Фридмэн с женой жили вдвоем; его дети от предыдущих браков давно выросли и стали самостоятельными. Жена была лет на тридцать моложе. Смазливое личико, некоторые актерские способности, а главное, приятельские связи Фридмэна в Голливуде позволяли ей получать время от времени небольшие роли в кино. Гостиная, куда они вошли, отражала, видимо, вкусы хозяйки. Мягкие диванчики и пуфики, на тумбочках разностильные безделушки, на стенах фотографии хозяйки в компании тех или иных кинозвезд. У широкого окна, на подоконнике – горшочки с яркими цветами. От них исходил чуть слышный пряный аромат. Фридмэн увидел наклонившегося к цветам О'Браена, хлопнул себя по лбу:
– Опять я утром позабыл! Уезжая, жена наказала поливать цветы каждый день… Ничего – полью перед сном.

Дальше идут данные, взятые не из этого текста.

theorem lemma21:
  fixes Lam LamF :: nat
    and smul :: "complex \<Rightarrow> 'v::ab_group_add \<Rightarrow> 'v"
    and rho :: "top \<Rightarrow> 'v \<Rightarrow> 'v"
    and B :: "'v \<Rightarrow> 'v \<Rightarrow> complex"
    and h :: "gen \<Rightarrow> real"
  assumes "Lam > 0" and "LamF > 0"
    and "unitary_lowest_weight_rep Lam LamF smul rho B h"
  shows "\<exists>(\<alpha>::real) (N::nat). \<forall>l1 l2 I.
           l1 \<in> {1..LamF} \<and> l2 \<in> {1..LamF} \<and> valid_seq Lam I \<and> length I \<ge> N
           \<longrightarrow> h (F l1 l1 I I l2 l2) = \<alpha>"
proof -
  obtain v where "unitary_lowest_weight_vector Lam LamF smul rho B h v"
    using assms(3) by (rule unitary_lowest_weight_rep_obtains_vector)
  then interpret unitary_lowest_weight_vector Lam LamF smul rho B h v .
  let ?p = "\<lambda>(l1, I, l2). h (F l1 l1 I I l2 l2)" and ?len = "\<lambda>(l1, I, l2). length I"
  have "\<exists>\<alpha> N. \<forall>x\<in>Collect (valid_basis Lam LamF). N \<le> ?len x \<longrightarrow> ?p x = \<alpha>"
  proof (rule eventually_constant_if_differences_in_Nats)
    fix x y
    assume "x \<in> Collect (valid_basis Lam LamF)" "y \<in> Collect (valid_basis Lam LamF)" "?len x < ?len y"
    then show "?p x - ?p y \<in> \<nat>"
      by (cases x rule: prod_cases3, cases y rule: prod_cases3) (auto intro!: F_weight_diff_in_Nats)
  next
    fix x assume "x \<in> Collect (valid_basis Lam LamF)"
    then show "(1 - real Lam) * h (L 1 1 [] []) / real LamF \<le> ?p x"
      using F_weight_lower_bound[OF assms(1,2)] by (cases x rule: prod_cases3) auto
  qed
  then obtain \<alpha> N where "\<forall>x\<in>Collect (valid_basis Lam LamF). N \<le> ?len x \<longrightarrow> ?p x = \<alpha>"
    by blast
  then show ?thesis
    by (intro exI[of _ \<alpha>] exI[of _ N]) auto
qed

end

Из гостиной они прошли в кабинет Фридмэна. Тут все выглядело иначе: никаких безделушек, огромный письменный стол, заваленный бумагами. И книги: раскрытые – на столе и на полу вокруг стола, закрытые – на полках до потолка вдоль стен кабинета. Перехватив взгляд О'Браена, Фридмэн сказал:
– Через всю мою жизнь прошли две страсти – к женщинам и к книгам. Грустно признавать, дружочек, но первая становится последние годы все менее важной. Вот уехала моя супруга на съемки, и я удивленно ощущаю, что наедине с книгами даже как-то уютнее… Кстати, ты с ней не знаком. Поэтому и не понял, наверное, юмора, который наш старик вложил в кодовое название операции. Анджелина – это имя моей бесценной половины. Старик – вдовец и считает себя большим специалистом по части семейной жизни. Вот как-то наедине я и поплакался ему на взрывной характер супруги.
Фридмэн сходил на кухню, принес оттуда пузатую бутылку французского коньяка, два бокала. Поставил их на маленький столик в углу кабинета, уселся возле на диван. Рядом присел на кресло О'Браен.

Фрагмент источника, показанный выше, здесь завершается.